・-----日本経済新聞、2011/11/20
------小水力発電ニュース------
「全量買い取り」追い風 特区申請 手続き簡素に
企業と自治体が連携し、中小河川や農業用水を利用した小規模水力発電所を建設する。野村ホールディングスは栃木県と、三井金属は岐阜県と検討を始めた。河川が豊富な日本では小水力発電の開発余地は大きい。来年からの再生可能エネルギーの全量買い取り制度の開始を控え、自治体が普及の壁になっている水利権の手続きを簡素化する特区を申請、企業の早期事業化を後押しする。
地元金融も資金
野村HDの全額出資子会社である野村アグリプランニング&アドバイザリー(東京・千代田)は栃木県で小水力発電所の開発に乗り出す。来春にも出力10キロワット程度の発電機を栃木県内の農業用水路2カ所に置いて事業化調査を始め、2013年度にも商用化する。
12年度にも開発にあたる特定目的会社(SPC)を設立。地元金融機関や企業から事業資金10億円を集める見通し。栃木県は計画を前提に政府が新成長戦略に沿って創設する「地域活性化総合特区」の指定を申請。水利権を巡る煩雑な手続きを軽減する。最終的に県内100カ所近くで発電所を開発する方針だ。
三井金属子会社で鉱物リサイクルを手掛ける神岡鉱業(岐阜県飛騨市)は13年にも、旧鉱山の敷地内を流れる2つの川の水を使った水力発電所を建設する。
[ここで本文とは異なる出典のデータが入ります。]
lemma probe_density: "density (probe \<phi>)"
proof -
  have "0 \<le> Re (\<Sum>i\<in>UNIV. \<Sum>j\<in>UNIV. cnj (v $ i) * probe \<phi> $ i $ j * v $ j)" for v :: "complex ^ 2"
  proof -
    define z where "z = cis \<phi> * v $ 2 + v $ 1"
    have "(\<Sum>i\<in>UNIV. \<Sum>j\<in>UNIV. cnj (v $ i) * probe \<phi> $ i $ j * v $ j) = cnj z * z / 2"
      by (simp add: sum_2 probe_def z_def algebra_simps cis_cnj cis_mult add_divide_distrib)
    then show ?thesis by (simp only:) simp
  qed
  then show ?thesis
    by (simp add: density_def vec_eq_iff adj_def probe_def forall_2 sum_2 cis_cnj)
qed

lemma hprob_affine: "hprob (a *\<^sub>R mat 1 + b *\<^sub>R V) = a + b * hprob V"
  by (simp add: hprob_def sum_2 mat_def field_simps)

lemma hprob_chan_funpow_probe:
  "hprob ((chan \<theta> \<epsilon> ^^ m) (probe \<phi>)) = (1 + (1 - \<epsilon>) ^ m * cos (2 * pi * (real m * \<theta>) + \<phi>)) / 2"
proof -
  define t where "t = 2 * pi * (real m * \<theta>) + \<phi>"
  have cos_neg: "cos (- \<phi> - x) = cos (\<phi> + x)" for x
    using cos_minus[of "\<phi> + x"] by simp
  have rotated: "hprob (Uph (real m * \<theta>) ** probe \<phi> ** adj (Uph (real m * \<theta>))) = (1 + cos t) / 2"
    by (simp add: cos_neg hprob_def sum_2 matrix_matrix_mult_def Uph_def adj_def probe_def
        cis_cnj t_def cis_mult algebra_simps add_divide_distrib)
  show ?thesis
    unfolding chan_funpow hprob_affine rotated t_def by (simp add: field_simps)
qed

lemma block_count_append: "k * M + M \<le> length h \<Longrightarrow> block_count M k (h @ h') = block_count M k h"
  by (simp add: block_count_def)

lemma centre_append: "k * M \<le> length h \<Longrightarrow> centre M k (h @ h') = centre M k h"
  by (induction k) (simp_all add: block_count_append)

lemma centre_Suc_append:
  assumes "length h = k * M" "length bs = M"
  shows "centre M (Suc k) (h @ bs)
    = centre M k h + (if M < 2 * count_list bs True then width k / 4 else - (width k / 4))"
  using assms by (simp add: centre_append block_count_def)

lemma stage_uses_bounds: "1 \<le> stage_uses k" "(4/3) ^ k / 2 \<le> real (stage_uses k)"
  "real (stage_uses k) \<le> (4/3) ^ k"
proof -
  define t :: real where "t = (4/3) ^ k"
  have "1 \<le> t" by (simp add: t_def one_le_power)
  then have uses: "real (stage_uses k) = of_int \<lfloor>t\<rfloor>" "1 \<le> \<lfloor>t\<rfloor>"
    by (simp_all add: stage_uses_def t_def)
  then have "1 \<le> real (stage_uses k)" by simp
  then show "1 \<le> stage_uses k" by simp
  show "t / 2 \<le> real (stage_uses k)" "real (stage_uses k) \<le> t"
    using uses real_of_int_floor_gt_diff_one[of t] of_int_floor_le[of t] by linarith+
qed

lemma stage_uses_width: "1/8 \<le> real (stage_uses k) * width k" "real (stage_uses k) * width k \<le> 1/4"
proof -
  have "(4/3::real) ^ k * (3/4) ^ k = 1" by (simp flip: power_mult_distrib)
  then show "1/8 \<le> real (stage_uses k) * width k" "real (stage_uses k) * width k \<le> 1/4"
    using mult_right_mono[OF stage_uses_bounds(2), of "(3/4) ^ k" k]
      mult_right_mono[OF stage_uses_bounds(3), of "(3/4) ^ k" k]
    by (simp_all add: width_def)
qed

lemma repetitions_bounds:
  assumes "3 \<le> N"
  shows "2 \<le> repetitions N" "1536 * ln (real N) \<le> repetitions N"
    "repetitions N \<le> 1536 * ln (real N) + 1"
proof -
  have "exp 1 \<le> real N" using e_less_272 assms by simp
  then have "1 \<le> ln (real N)" using assms by (simp add: ln_ge_iff)
  then show "2 \<le> repetitions N" "1536 * ln (real N) \<le> repetitions N"
    "repetitions N \<le> 1536 * ln (real N) + 1"
    unfolding repetitions_def by linarith+
qed

lemma le_stages_cost: "0 < repetitions N \<Longrightarrow> k \<le> stages_cost N k"
  using sum_mono[of "{..<k}" "\<lambda>_. 1" stage_uses] stage_uses_bounds(1)
  by (auto simp: stages_cost_def intro: le_trans)

lemma num_stages_bounds:
  assumes "0 < repetitions N"
  shows "stages_cost N (num_stages N) \<le> N" "N < stages_cost N (Suc (num_stages N))"
    "num_stages N \<le> N"
proof -
  have bound: "\<And>k. stages_cost N k \<le> N \<Longrightarrow> k \<le> N"
    using le_stages_cost[OF assms] le_trans by blast
  have "stages_cost N 0 \<le> N" by (simp add: stages_cost_def)
  then show cost: "stages_cost N (num_stages N) \<le> N"
    unfolding num_stages_def by (rule GreatestI_nat[OF _ bound])
  then show "num_stages N \<le> N" by (rule bound)
  show "N < stages_cost N (Suc (num_stages N))"
    using Greatest_le_nat[of "\<lambda>k. stages_cost N k \<le> N" "Suc (num_stages N)", OF _ bound]
    unfolding num_stages_def[symmetric] by fastforce
qed

lemma valid_protocol_protocol:
  assumes M: "0 < repetitions N"
  shows "valid_protocol N (num_stages N * repetitions N + 1) (protocol N)"
  unfolding valid_protocol_def
proof (intro conjI allI impI)
  fix h :: "bool list"
  show "density (fst (protocol N h))" by (simp add: protocol_def probe_density)
next
  fix h :: "bool list"
  let ?M = "repetitions N" and ?K = "num_stages N"
  assume len: "length h = ?K * ?M + 1"
  have "(\<Sum>j<?K * ?M. snd (protocol N (take j h))) = (\<Sum>j<?K * ?M. stage_uses (j div ?M))"
    by (intro sum.cong) (auto simp: protocol_def len min_def)
  also have "\<dots> = (\<Sum>k<?K. \<Sum>j\<in>{k * ?M..<k * ?M + ?M}. stage_uses (j div ?M))"
    by (rule sum.nat_group[symmetric])
  also have "\<dots> = (\<Sum>k<?K. \<Sum>j\<in>{k * ?M..<k * ?M + ?M}. stage_uses k)"
    by (intro sum.cong refl) (auto simp: div_nat_eqI algebra_simps)
  also have "\<dots> = stages_cost N ?K"
    by (simp add: stages_cost_def sum_distrib_left mult.commute)
  finally show "(\<Sum>j<?K * ?M + 1. snd (protocol N (take j h))) = N"
    using num_stages_bounds(1)[OF M] by (simp add: protocol_def len)
qed

lemma width_num_stages:
  assumes "3 \<le> N"
  shows "width (num_stages N) * N \<le> repetitions N"
proof -
  let ?K = "num_stages N" and ?M = "repetitions N"
  have M: "0 < ?M" using repetitions_bounds(1)[OF assms] by simp
  have "real N < stages_cost N (Suc ?K)"
    using num_stages_bounds(2)[OF M] by linarith
  also have "\<dots> = ?M * (\<Sum>j<Suc ?K. real (stage_uses j))"
    by (simp add: stages_cost_def)
  also have "\<dots> \<le> ?M * (\<Sum>j<Suc ?K. (4/3) ^ j)"
    by (intro mult_left_mono sum_mono) (auto simp: stage_uses_bounds)
  also have "\<dots> = ?M * (3 * ((4/3) ^ Suc ?K - 1))"
    by (simp add: geometric_sum)
  also have "\<dots> \<le> ?M * (4 * (4/3) ^ ?K)"
    by (intro mult_left_mono) auto
  finally have "real N \<le> ?M * (4 * (4/3) ^ ?K)" by simp
  then have "width ?K * N \<le> width ?K * (?M * (4 * (4/3) ^ ?K))"
    by (intro mult_left_mono) (auto simp: width_def)
  also have "\<dots> = ?M"
    by (simp add: width_def flip: power_mult_distrib)
  finally show ?thesis .
qed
出力は1カ所600キロワット、投資額は10億円前後。発電した電気は地元の電力会社に販売する。
岐阜県も国に特区を申請した。そのほか、長野県内の飯山市や駒ケ根市など6市町村や群馬県も小水力発電を念頭に置いた特区を申請済み。指定は年内にも結果が出る見込みだ。
特区以外でも、日本工営は鹿児島県伊佐市と連携し、12月から出力460キロワットの水力発電所を建設する。13年4月に運転開始の見通し。使われなくなっていた水力発電所の遺構を市から借り受け、4億円強を投じて発電所を新設する。
東京電力子会社の東京発電(東京・港)も今年2月、茨城県北茨城市から譲渡を受けた水力発電所の遺構を再整備して出力130キロワットの発電所の運転を始めた。